You’re 10 years old; you’ve just come inside from playing with your friends all day, and you walk into the house as your parents hastily pack suitcases and tell you that the earth has been invaded by aliens. 

The world has not been invaded; it is 1938 and Orson Welles is on the radio reading War of The Worlds adapted as a radio play. Your scared parents are not crazy, as this happened across America during this infamous 1938 broadcast. The Earth is safe, and the power of the radio drama has been demonstrated.

Fast forward 82 years and it is the middle of COVID-19 pandemic. Almost every industry has been met with a unique hurdle, and most of the solutions tend to simultaneously be the most inconvenient. However, one industry that looks to have no final solution is live theatre.

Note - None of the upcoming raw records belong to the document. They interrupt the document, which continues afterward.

(* Consider a mean-variance team stochastic game as described in the context, and suppose the long-run average reward $\eta^{\boldsymbol{\mu}}$ takes the same value for all joint policies $\boldsymbol{\mu}\in\mathcal{U}$. Then Algorithm MV-MAPI (described in the context) converges to a Nash equilibrium $\tilde{\boldsymbol{\mu}}$, i.e. $J(\tilde{\boldsymbol{\mu}})\ge J(\mu_i,\tilde{\boldsymbol{\mu}}_{-i})$ for all $i\in\mathcal{N}$ and $\mu_i\in\mathcal{U}_i$.
   Context: Game: finite agents $\mathcal{N}=\{1,\dots,N\}$, finite state space $\mathcal{S}$, finite action sets $\mathcal{A}_i$, $\mathcal{A}=\prod_i\mathcal{A}_i$, transition kernel $P(s'|s,\boldsymbol{a})$, common reward $r:\mathcal{S}\times\mathcal{A}\to\mathbb{R}$. Policies $\mu_i:\mathcal{S}\to\Delta(\mathcal{A}_i)$ (set $\mathcal{U}_i$); joint policies $\boldsymbol{\mu}\in\mathcal{U}=\prod_i\mathcal{U}_i$ with $\boldsymbol{\mu}(\boldsymbol{a}|s)=\prod_i\mu_i(a_i|s)$; $(\mu_i,\boldsymbol{\mu}_{-i})$ means agent $i$ uses $\mu_i$, others use $\boldsymbol{\mu}_{-i}$. Standing assumption: the chain $P^{\boldsymbol{\mu}}(s'|s)=\sum_{\boldsymbol{a}}\boldsymbol{\mu}(\boldsymbol{a}|s)P(s'|s,\boldsymbol{a})$ is ergodic for every $\boldsymbol{\mu}\in\mathcal{U}$, stationary distribution $\pi^{\boldsymbol{\mu}}$. $\eta^{\boldsymbol{\mu}}=\sum_s\pi^{\boldsymbol{\mu}}(s)\sum_{\boldsymbol{a}}\boldsymbol{\mu}(\boldsymbol{a}|s)r(s,\boldsymbol{a})$; $\zeta^{\boldsymbol{\mu}}=\sum_s\pi^{\boldsymbol{\mu}}(s)\sum_{\boldsymbol{a}}\boldsymbol{\mu}(\boldsymbol{a}|s)(r(s,\boldsymbol{a})-\eta^{\boldsymbol{\mu}})^2$; for fixed $\beta\ge0$, $J(\boldsymbol{\mu})=\eta^{\boldsymbol{\mu}}-\beta\zeta^{\boldsymbol{\mu}}$. $f^{\boldsymbol{\mu}}(s,\boldsymbol{a})=r(s,\boldsymbol{a})-\beta(r(s,\boldsymbol{a})-\eta^{\boldsymbol{\mu}})^2$, $f^{\boldsymbol{\mu}}(s)=\sum_{\boldsymbol{a}}\boldsymbol{\mu}(\boldsymbol{a}|s)f^{\boldsymbol{\mu}}(s,\boldsymbol{a})$; $V_f^{\boldsymbol{\mu}}$ solves $V(s)=f^{\boldsymbol{\mu}}(s)-J(\boldsymbol{\mu})+\sum_{s'}P^{\boldsymbol{\mu}}(s'|s)V(s')$ (unique up to an additive constant); $Q_f^{\boldsymbol{\mu}}(s,\boldsymbol{a})=f^{\boldsymbol{\mu}}(s,\boldsymbol{a})-J(\boldsymbol{\mu})+\sum_{s'}P(s'|s,\boldsymbol{a})V_f^{\boldsymbol{\mu}}(s')$, $A_f^{\boldsymbol{\mu}}=Q_f^{\boldsymbol{\mu}}-V_f^{\boldsymbol{\mu}}$. Algorithm MV-MAPI: start with a deterministic joint policy $\boldsymbol{\mu}^{(0)}$. For $k=0,1,\dots$: set $\hat{\boldsymbol{\mu}}^{(k,0)}=\boldsymbol{\mu}^{(k)}$ and draw a random permutation $i_1,\dots,i_N$ of the agents. For $h=1,\dots,N$: for every $s$, set $\mu^{(k+1)}_{i_h}(s)$ to be an action $a_{i_h}$ maximizing $\mathbb{E}_{\boldsymbol{a}_{-i_h}\sim\hat{\boldsymbol{\mu}}^{(k,h-1)}_{-i_h}(\cdot|s)}[A_f^{\hat{\boldsymbol{\mu}}^{(k,h-1)}}(s,a_{i_h},\boldsymbol{a}_{-i_h})]$, keeping $\mu^{(k+1)}_{i_h}(s)=\mu^{(k)}_{i_h}(s)$ whenever the latter attains the maximum; set $\hat{\boldsymbol{\mu}}^{(k,h)}=(\mu^{(k+1)}_{i_1},\dots,\mu^{(k+1)}_{i_h},\mu^{(k)}_{i_{h+1}},\dots,\mu^{(k)}_{i_N})$. If $\mu^{(k+1)}_i=\mu^{(k)}_i$ for all $i$, stop and return $\boldsymbol{\mu}^{(k)}$; otherwise set $\boldsymbol{\mu}^{(k+1)}=\hat{\boldsymbol{\mu}}^{(k,N)}$. *)

theory Defs
  imports Complex_Main
begin

definition joint_actions :: "('i \<Rightarrow> 'a set) \<Rightarrow> ('i \<Rightarrow> 'a) set" where
  "joint_actions A = {a. \<forall>i. a i \<in> A i}"

definition policy_set :: "('i \<Rightarrow> 'a set) \<Rightarrow> 'i \<Rightarrow> ('s \<Rightarrow> 'a \<Rightarrow> real) set" where
  "policy_set A i = {p. \<forall>s. (\<forall>b. 0 \<le> p s b) \<and> (\<forall>b. b \<notin> A i \<longrightarrow> p s b = 0)
                              \<and> sum (p s) (A i) = 1}"

definition joint_policies :: "('i \<Rightarrow> 'a set) \<Rightarrow> ('i \<Rightarrow> 's \<Rightarrow> 'a \<Rightarrow> real) set" where
  "joint_policies A = {mu. \<forall>i. mu i \<in> policy_set A i}"

definition jprob :: "('i::finite \<Rightarrow> 's \<Rightarrow> 'a \<Rightarrow> real) \<Rightarrow> 's \<Rightarrow> ('i \<Rightarrow> 'a) \<Rightarrow> real" where
  "jprob mu s a = (\<Prod>i\<in>UNIV. mu i s (a i))"

definition Pmu :: "('i::finite \<Rightarrow> 'a set) \<Rightarrow> ('s \<Rightarrow> ('i \<Rightarrow> 'a) \<Rightarrow> 's \<Rightarrow> real)
    \<Rightarrow> ('i \<Rightarrow> 's \<Rightarrow> 'a \<Rightarrow> real) \<Rightarrow> 's \<Rightarrow> 's \<Rightarrow> real" where
  "Pmu A P mu s s' = (\<Sum>a\<in>joint_actions A. jprob mu s a * P s a s')"

primrec mpow :: "('s::finite \<Rightarrow> 's \<Rightarrow> real) \<Rightarrow> nat \<Rightarrow> 's \<Rightarrow> 's \<Rightarrow> real" where
  "mpow M 0 s s' = (if s = s' then 1 else 0)"
| "mpow M (Suc n) s s' = (\<Sum>t\<in>UNIV. mpow M n s t * M t s')"

text \<open>Ergodic finite Markov chain (irreducible and aperiodic), equivalently regular:
  some power of the transition matrix is entrywise positive.\<close>
definition ergodic :: "('s::finite \<Rightarrow> 's \<Rightarrow> real) \<Rightarrow> bool" where
  "ergodic M \<longleftrightarrow> (\<exists>n. \<forall>s s'. 0 < mpow M n s s')"

definition is_stationary :: "('s::finite \<Rightarrow> 's \<Rightarrow> real) \<Rightarrow> ('s \<Rightarrow> real) \<Rightarrow> bool" where
  "is_stationary M \<pi> \<longleftrightarrow> (\<forall>s. 0 \<le> \<pi> s) \<and> sum \<pi> UNIV = 1 \<and> (\<forall>s'. \<pi> s' = (\<Sum>s\<in>UNIV. \<pi> s * M s s'))"

definition stat_dist :: "('i::finite \<Rightarrow> 'a set) \<Rightarrow> ('s::finite \<Rightarrow> ('i \<Rightarrow> 'a) \<Rightarrow> 's \<Rightarrow> real)
    \<Rightarrow> ('i \<Rightarrow> 's \<Rightarrow> 'a \<Rightarrow> real) \<Rightarrow> 's \<Rightarrow> real" where
  "stat_dist A P mu = (THE \<pi>. is_stationary (Pmu A P mu) \<pi>)"

definition eta :: "('i::finite \<Rightarrow> 'a set) \<Rightarrow> ('s::finite \<Rightarrow> ('i \<Rightarrow> 'a) \<Rightarrow> 's \<Rightarrow> real)
    \<Rightarrow> ('s \<Rightarrow> ('i \<Rightarrow> 'a) \<Rightarrow> real) \<Rightarrow> ('i \<Rightarrow> 's \<Rightarrow> 'a \<Rightarrow> real) \<Rightarrow> real" where
  "eta A P r mu = (\<Sum>s\<in>UNIV. stat_dist A P mu s * (\<Sum>a\<in>joint_actions A. jprob mu s a * r s a))"

definition zeta :: "('i::finite \<Rightarrow> 'a set) \<Rightarrow> ('s::finite \<Rightarrow> ('i \<Rightarrow> 'a) \<Rightarrow> 's \<Rightarrow> real)
    \<Rightarrow> ('s \<Rightarrow> ('i \<Rightarrow> 'a) \<Rightarrow> real) \<Rightarrow> ('i \<Rightarrow> 's \<Rightarrow> 'a \<Rightarrow> real) \<Rightarrow> real" where
  "zeta A P r mu = (\<Sum>s\<in>UNIV. stat_dist A P mu s *
      (\<Sum>a\<in>joint_actions A. jprob mu s a * (r s a - eta A P r mu)\<^sup>2))"

definition Jmv :: "('i::finite \<Rightarrow> 'a set) \<Rightarrow> ('s::finite \<Rightarrow> ('i \<Rightarrow> 'a) \<Rightarrow> 's \<Rightarrow> real)
    \<Rightarrow> ('s \<Rightarrow> ('i \<Rightarrow> 'a) \<Rightarrow> real) \<Rightarrow> real \<Rightarrow> ('i \<Rightarrow> 's \<Rightarrow> 'a \<Rightarrow> real) \<Rightarrow> real" where
  "Jmv A P r \<beta> mu = eta A P r mu - \<beta> * zeta A P r mu"

definition f_sa :: "('i::finite \<Rightarrow> 'a set) \<Rightarrow> ('s::finite \<Rightarrow> ('i \<Rightarrow> 'a) \<Rightarrow> 's \<Rightarrow> real)
    \<Rightarrow> ('s \<Rightarrow> ('i \<Rightarrow> 'a) \<Rightarrow> real) \<Rightarrow> real \<Rightarrow> ('i \<Rightarrow> 's \<Rightarrow> 'a \<Rightarrow> real) \<Rightarrow> 's \<Rightarrow> ('i \<Rightarrow> 'a) \<Rightarrow> real" where
  "f_sa A P r \<beta> mu s a = r s a - \<beta> * (r s a - eta A P r mu)\<^sup>2"

definition f_s :: "('i::finite \<Rightarrow> 'a set) \<Rightarrow> ('s::finite \<Rightarrow> ('i \<Rightarrow> 'a) \<Rightarrow> 's \<Rightarrow> real)
    \<Rightarrow> ('s \<Rightarrow> ('i \<Rightarrow> 'a) \<Rightarrow> real) \<Rightarrow> real \<Rightarrow> ('i \<Rightarrow> 's \<Rightarrow> 'a \<Rightarrow> real) \<Rightarrow> 's \<Rightarrow> real" where
  "f_s A P r \<beta> mu s = (\<Sum>a\<in>joint_actions A. jprob mu s a * f_sa A P r \<beta> mu s a)"

text \<open>Poisson equation for V_f (solution unique up to an additive constant).\<close>
definition is_Vf :: "('i::finite \<Rightarrow> 'a set) \<Rightarrow> ('s::finite \<Rightarrow> ('i \<Rightarrow> 'a) \<Rightarrow> 's \<Rightarrow> real)
    \<Rightarrow> ('s \<Rightarrow> ('i \<Rightarrow> 'a) \<Rightarrow> real) \<Rightarrow> real \<Rightarrow> ('i \<Rightarrow> 's \<Rightarrow> 'a \<Rightarrow> real) \<Rightarrow> ('s \<Rightarrow> real) \<Rightarrow> bool" where
  "is_Vf A P r \<beta> mu V \<longleftrightarrow>
     (\<forall>s. V s = f_s A P r \<beta> mu s - Jmv A P r \<beta> mu + (\<Sum>s'\<in>UNIV. Pmu A P mu s s' * V s'))"

definition Vf :: "('i::finite \<Rightarrow> 'a set) \<Rightarrow> ('s::finite \<Rightarrow> ('i \<Rightarrow> 'a) \<Rightarrow> 's \<Rightarrow> real)
    \<Rightarrow> ('s \<Rightarrow> ('i \<Rightarrow> 'a) \<Rightarrow> real) \<Rightarrow> real \<Rightarrow> ('i \<Rightarrow> 's \<Rightarrow> 'a \<Rightarrow> real) \<Rightarrow> 's \<Rightarrow> real" where
  "Vf A P r \<beta> mu = (SOME V. is_Vf A P r \<beta> mu V)"

definition Qf :: "('i::finite \<Rightarrow> 'a set) \<Rightarrow> ('s::finite \<Rightarrow> ('i \<Rightarrow> 'a) \<Rightarrow> 's \<Rightarrow> real)
    \<Rightarrow> ('s \<Rightarrow> ('i \<Rightarrow> 'a) \<Rightarrow> real) \<Rightarrow> real \<Rightarrow> ('i \<Rightarrow> 's \<Rightarrow> 'a \<Rightarrow> real) \<Rightarrow> 's \<Rightarrow> ('i \<Rightarrow> 'a) \<Rightarrow> real" where
  "Qf A P r \<beta> mu s a = f_sa A P r \<beta> mu s a - Jmv A P r \<beta> mu + (\<Sum>s'\<in>UNIV. P s a s' * Vf A P r \<beta> mu s')"

definition Af :: "('i::finite \<Rightarrow> 'a set) \<Rightarrow> ('s::finite \<Rightarrow> ('i \<Rightarrow> 'a) \<Rightarrow> 's \<Rightarrow> real)
    \<Rightarrow> ('s \<Rightarrow> ('i \<Rightarrow> 'a) \<Rightarrow> real) \<Rightarrow> real \<Rightarrow> ('i \<Rightarrow> 's \<Rightarrow> 'a \<Rightarrow> real) \<Rightarrow> 's \<Rightarrow> ('i \<Rightarrow> 'a) \<Rightarrow> real" where
  "Af A P r \<beta> mu s a = Qf A P r \<beta> mu s a - Vf A P r \<beta> mu s"

definition exp_adv :: "('i::finite \<Rightarrow> 'a set) \<Rightarrow> ('s::finite \<Rightarrow> ('i \<Rightarrow> 'a) \<Rightarrow> 's \<Rightarrow> real)
    \<Rightarrow> ('s \<Rightarrow> ('i \<Rightarrow> 'a) \<Rightarrow> real) \<Rightarrow> real \<Rightarrow> ('i \<Rightarrow> 's \<Rightarrow> 'a \<Rightarrow> real) \<Rightarrow> 'i \<Rightarrow> 's \<Rightarrow> 'a \<Rightarrow> real" where
  "exp_adv A P r \<beta> mu i s b =
     (\<Sum>a\<in>{a\<in>joint_actions A. a i = b}. (\<Prod>j\<in>UNIV - {i}. mu j s (a j)) * Af A P r \<beta> mu s a)"

definition det_pol :: "('i \<Rightarrow> 's \<Rightarrow> 'a) \<Rightarrow> 'i \<Rightarrow> 's \<Rightarrow> 'a \<Rightarrow> real" where
  "det_pol d i s b = (if b = d i s then 1 else 0)"

definition is_perm :: "'i list \<Rightarrow> bool" where
  "is_perm ps \<longleftrightarrow> distinct ps \<and> set ps = UNIV"

text \<open>The h-th agent (0-indexed) is updated against the intermediate policy in
  which the first h agents of perm already use their new policies.\<close>
definition mapi_step :: "('i::finite \<Rightarrow> 'a set) \<Rightarrow> ('s::finite \<Rightarrow> ('i \<Rightarrow> 'a) \<Rightarrow> 's \<Rightarrow> real)
    \<Rightarrow> ('s \<Rightarrow> ('i \<Rightarrow> 'a) \<Rightarrow> real) \<Rightarrow> real \<Rightarrow> 'i list
    \<Rightarrow> ('i \<Rightarrow> 's \<Rightarrow> 'a) \<Rightarrow> ('i \<Rightarrow> 's \<Rightarrow> 'a) \<Rightarrow> bool" where
  "mapi_step A P r \<beta> perm d d' \<longleftrightarrow>
     (\<forall>h<length perm. \<forall>s.
        let i = perm ! h;
            hat = det_pol (\<lambda>j. if j \<in> set (take h perm) then d' j else d j);
            g = exp_adv A P r \<beta> hat i s
        in d' i s \<in> A i
           \<and> (\<forall>b\<in>A i. g b \<le> g (d' i s))
           \<and> ((\<forall>b\<in>A i. g b \<le> g (d i s)) \<longrightarrow> d' i s = d i s))"

definition is_nash :: "('i::finite \<Rightarrow> 'a set) \<Rightarrow> ('s::finite \<Rightarrow> ('i \<Rightarrow> 'a) \<Rightarrow> 's \<Rightarrow> real)
    \<Rightarrow> ('s \<Rightarrow> ('i \<Rightarrow> 'a) \<Rightarrow> real) \<Rightarrow> real \<Rightarrow> ('i \<Rightarrow> 's \<Rightarrow> 'a \<Rightarrow> real) \<Rightarrow> bool" where
  "is_nash A P r \<beta> mu \<longleftrightarrow>
     (\<forall>i. \<forall>p\<in>policy_set A i. Jmv A P r \<beta> (mu(i := p)) \<le> Jmv A P r \<beta> mu)"

end

theory Submission
  imports Defs "HOL-Analysis.Cartesian_Space"
begin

While it is true much of the entertainment industry has been crippled, none have been forced to a total cease except theatre. Many other industries are slowly adapting to their new normal of operation, however difficult, mostly or completely via the web.

Unfortunately, many theaters around the globe have either closed their doors forever, had to lay-off most of their employees, or (mostly in the UK with government subsidies) are putting their season on a hiatus.

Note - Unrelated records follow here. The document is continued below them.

(* Let $\Omega\subseteq\mathbb{R}^n$ ($n\ge1$) be bounded and measurable, $Y$ a Hilbert space, $S:L^2(\Omega)\to Y$ linear and continuous, $u_a,u_b\in L^\infty(\Omega)$ with $U_{\text{ad}}:=\{u\in L^2(\Omega):u_a\le u\le u_b\text{ a.e.}\}\ne\emptyset$, $z\in Y$, and let $(\alpha_k)_{k\ge1}$ be a uniformly bounded sequence of positive reals. Let $u^\dagger$ be a solution of the problem $\min_{u\in U_{\text{ad}}}\frac12\|Su-z\|_Y^2$ satisfying the Active Set Condition (see context) with constant $\kappa>0$. Fix $\tau>0$ and let $k(\delta)$ be the a priori stopping index defined in the context. For each $\delta>0$ let $z^\delta\in Y$ with $\|z-z^\delta\|_Y\le\delta$ and let $(u_k^\delta)_k$ be the Bregman iteration sequence for data $z^\delta$. Then $$\min_{j=1,\dots,k(\delta)}\|u^\dagger-u_j^\delta\|_{L^2(\Omega)}\to0\quad\text{as }\delta\to0.$$
   Context: Active Set Condition: with $p^\dagger:=S^\ast(z-Su^\dagger)$, there exist a set $I\subseteq\Omega$, $w\in Y$ and positive constants $\kappa,c$ such that (1) $I\supseteq\{x\in\Omega:p^\dagger(x)=0\}$ and $\chi_I u^\dagger=\chi_I P_{U_{\text{ad}}}(S^\ast w)$, where $P_{U_{\text{ad}}}$ is the pointwise projection onto $[u_a,u_b]$; (2) with $A:=\Omega\setminus I$, for all $\varepsilon>0$: $|\{x\in A:0<|p^\dagger(x)|<\varepsilon\}|\le c\,\varepsilon^\kappa$; (3) $S^\ast w\in L^\infty(\Omega)$. Bregman iteration with data $\zeta$: $J(u)=\frac12\|u\|^2+I_{U_{\text{ad}}}(u)$ ($I_{U_{\text{ad}}}$ the indicator function), $D^\lambda(u,v)=J(u)-J(v)-(u-v,\lambda)_{L^2}$ for $\lambda\in\partial J(v)$; $u_0=P_{U_{\text{ad}}}(0)$, $\lambda_0=0$; for $k\ge1$, $u_k$ is the minimizer of $\frac12\|Su-\zeta\|_Y^2+\alpha_kD^{\lambda_{k-1}}(u,u_{k-1})$, and $\lambda_k:=S^\ast\sum_{i=1}^k\frac1{\alpha_i}(\zeta-Su_i)$. Stopping index: $\gamma_k:=\sum_{j=1}^k\frac1{\alpha_j}$, $\gamma_0:=0$, $e_k^n:=\delta^2\sum_{i=1}^k(\alpha_i^{-2}+\gamma_{i-1}^2)$, $e_k^r:=1+\sum_{i=1}^k\alpha_i^{-1}\gamma_i^{-\kappa}$; $k(\delta):=0$ if $e_1^n>\tau e_1^r$, otherwise $k(\delta):=\max\{k\in\mathbb{N}: e_i^n\le\tau e_i^r\ \forall i\le k\}$. (For $\delta$ small, $k(\delta)\ge1$, so the minimum is over a nonempty set.) *)

theory Defs
  imports "HOL-Analysis.Analysis"
begin

text \<open>Elements are representatives; all quantities below only depend on them a.e.\<close>

definition L2 :: "'a::euclidean_space set \<Rightarrow> ('a \<Rightarrow> real) set" where
  "L2 \<Omega> = {u. u \<in> borel_measurable (lebesgue_on \<Omega>) \<and>
              integrable (lebesgue_on \<Omega>) (\<lambda>x. (u x)\<^sup>2)}"

definition l2inner :: "'a::euclidean_space set \<Rightarrow> ('a \<Rightarrow> real) \<Rightarrow> ('a \<Rightarrow> real) \<Rightarrow> real" where
  "l2inner \<Omega> u v = (\<integral>x. u x * v x \<partial>(lebesgue_on \<Omega>))"

definition l2norm :: "'a::euclidean_space set \<Rightarrow> ('a \<Rightarrow> real) \<Rightarrow> real" where
  "l2norm \<Omega> u = sqrt (l2inner \<Omega> u u)"

definition Linf :: "'a::euclidean_space set \<Rightarrow> ('a \<Rightarrow> real) set" where
  "Linf \<Omega> = {u. u \<in> borel_measurable (lebesgue_on \<Omega>) \<and>
              (\<exists>C. AE x in lebesgue_on \<Omega>. \<bar>u x\<bar> \<le> C)}"

definition Uad :: "'a::euclidean_space set \<Rightarrow> ('a \<Rightarrow> real) \<Rightarrow> ('a \<Rightarrow> real) \<Rightarrow> ('a \<Rightarrow> real) set" where
  "Uad \<Omega> ua ub = {u \<in> L2 \<Omega>. AE x in lebesgue_on \<Omega>. ua x \<le> u x \<and> u x \<le> ub x}"

definition projUad :: "('a \<Rightarrow> real) \<Rightarrow> ('a \<Rightarrow> real) \<Rightarrow> ('a \<Rightarrow> real) \<Rightarrow> ('a \<Rightarrow> real)" where
  "projUad ua ub v = (\<lambda>x. max (ua x) (min (ub x) (v x)))"

definition active_set_condition ::
  "'a::euclidean_space set \<Rightarrow> (('a \<Rightarrow> real) \<Rightarrow> 'y::real_inner) \<Rightarrow> ('y \<Rightarrow> 'a \<Rightarrow> real)
   \<Rightarrow> ('a \<Rightarrow> real) \<Rightarrow> ('a \<Rightarrow> real) \<Rightarrow> 'y \<Rightarrow> ('a \<Rightarrow> real) \<Rightarrow> real \<Rightarrow> bool" where
  "active_set_condition \<Omega> S Sadj ua ub z udag \<kappa> \<longleftrightarrow>
     (let p = Sadj (z - S udag) in
      \<exists>I w c. I \<in> sets lebesgue \<and> I \<subseteq> \<Omega> \<and> c > 0 \<and>
        {x \<in> \<Omega>. p x = 0} \<subseteq> I \<and>
        (AE x in lebesgue_on \<Omega>. x \<in> I \<longrightarrow> udag x = projUad ua ub (Sadj w) x) \<and>
        (\<forall>\<epsilon>>0. measure lebesgue {x \<in> \<Omega> - I. 0 < \<bar>p x\<bar> \<and> \<bar>p x\<bar> < \<epsilon>} \<le> c * \<epsilon> powr \<kappa>) \<and>
        Sadj w \<in> Linf \<Omega>)"

definition breg_lambda ::
  "(('a \<Rightarrow> real) \<Rightarrow> 'y::real_normed_vector) \<Rightarrow> ('y \<Rightarrow> 'a \<Rightarrow> real) \<Rightarrow> (nat \<Rightarrow> real)
   \<Rightarrow> 'y \<Rightarrow> (nat \<Rightarrow> 'a \<Rightarrow> real) \<Rightarrow> nat \<Rightarrow> ('a \<Rightarrow> real)" where
  "breg_lambda S Sadj \<alpha> \<zeta> u k =
     (if k = 0 then (\<lambda>_. 0) else Sadj (\<Sum>i=1..k. (1 / \<alpha> i) *\<^sub>R (\<zeta> - S (u i))))"

text \<open>Objective of step k (k >= 1), restricted to U_ad where J is finite:
  1/2 |Sv - zeta|^2 + alpha_k D^{lambda_(k-1)}(v, u_(k-1)).\<close>
definition breg_obj ::
  "'a::euclidean_space set \<Rightarrow> (('a \<Rightarrow> real) \<Rightarrow> 'y::real_normed_vector) \<Rightarrow> ('y \<Rightarrow> 'a \<Rightarrow> real)
   \<Rightarrow> (nat \<Rightarrow> real) \<Rightarrow> 'y \<Rightarrow> (nat \<Rightarrow> 'a \<Rightarrow> real) \<Rightarrow> nat \<Rightarrow> ('a \<Rightarrow> real) \<Rightarrow> real" where
  "breg_obj \<Omega> S Sadj \<alpha> \<zeta> u k v =
     (1/2) * (norm (S v - \<zeta>))\<^sup>2 +
     \<alpha> k * ((1/2) * (l2norm \<Omega> v)\<^sup>2 - (1/2) * (l2norm \<Omega> (u (k - 1)))\<^sup>2
             - l2inner \<Omega> (\<lambda>x. v x - u (k - 1) x) (breg_lambda S Sadj \<alpha> \<zeta> u (k - 1)))"

definition bregman_seq ::
  "'a::euclidean_space set \<Rightarrow> (('a \<Rightarrow> real) \<Rightarrow> 'y::real_normed_vector) \<Rightarrow> ('y \<Rightarrow> 'a \<Rightarrow> real)
   \<Rightarrow> ('a \<Rightarrow> real) \<Rightarrow> ('a \<Rightarrow> real) \<Rightarrow> (nat \<Rightarrow> real) \<Rightarrow> 'y \<Rightarrow> (nat \<Rightarrow> 'a \<Rightarrow> real) \<Rightarrow> bool" where
  "bregman_seq \<Omega> S Sadj ua ub \<alpha> \<zeta> u \<longleftrightarrow>
     u 0 = projUad ua ub (\<lambda>_. 0) \<and>
     (\<forall>k\<ge>1. u k \<in> Uad \<Omega> ua ub \<and>
        (\<forall>v \<in> Uad \<Omega> ua ub. breg_obj \<Omega> S Sadj \<alpha> \<zeta> u k (u k) \<le> breg_obj \<Omega> S Sadj \<alpha> \<zeta> u k v))"

definition gam :: "(nat \<Rightarrow> real) \<Rightarrow> nat \<Rightarrow> real" where
  "gam \<alpha> k = (\<Sum>j=1..k. 1 / \<alpha> j)"

definition e_noise :: "(nat \<Rightarrow> real) \<Rightarrow> real \<Rightarrow> nat \<Rightarrow> real" where
  "e_noise \<alpha> \<delta> k = \<delta>\<^sup>2 * (\<Sum>i=1..k. 1 / (\<alpha> i)\<^sup>2 + (gam \<alpha> (i - 1))\<^sup>2)"

definition e_reg :: "(nat \<Rightarrow> real) \<Rightarrow> real \<Rightarrow> nat \<Rightarrow> real" where
  "e_reg \<alpha> \<kappa> k = 1 + (\<Sum>i=1..k. (1 / \<alpha> i) * gam \<alpha> i powr (-\<kappa>))"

While some theatre companies are trying to lean into using Zoom as an entire medium for drama, many critics and enthusiasts agree that it does not even touch the feeling of sitting in a room and sharing an ephemeral experience in a room full of others having their own reactions and interpretation of a performance before them. Many facilities continue to look for a solution to the new future (or hopefully temporary) of theatre. As companies look to the technology on the cutting edge for a solution, the BBC Radio 3 and 4 stations seem to be looking to the past for solutions— 100 years in the past to be exact.

While it has always been around and broadcast by BBC, the radio drama seems to be rising in popularity among fans of theatre, as it provides a new way to experience drama if written right which it often is being some of the only form of media entertainment for past generations.

It gives the listener a whole new perspective and exercise through the absence of visual cues. Since the playwright has a more direct connection to their audience, radio drama can often serve as a masterclass in the conflict of language, or lack thereof. 

This new medium of drama challenges the audience to listen not only to what characters say, but how they say it. As we have grown into an increasingly visual society, the new weight of importance placed on radio drama may teach us to be more thoughtful when communicating with others, and contemplating the power of what and how we say things.

While other industries are forging their way through an unexplored jungle of ideas and procedures, the theatre community is beginning to embrace and renovate a bygone era of entertainment being truly special in its ephemerality.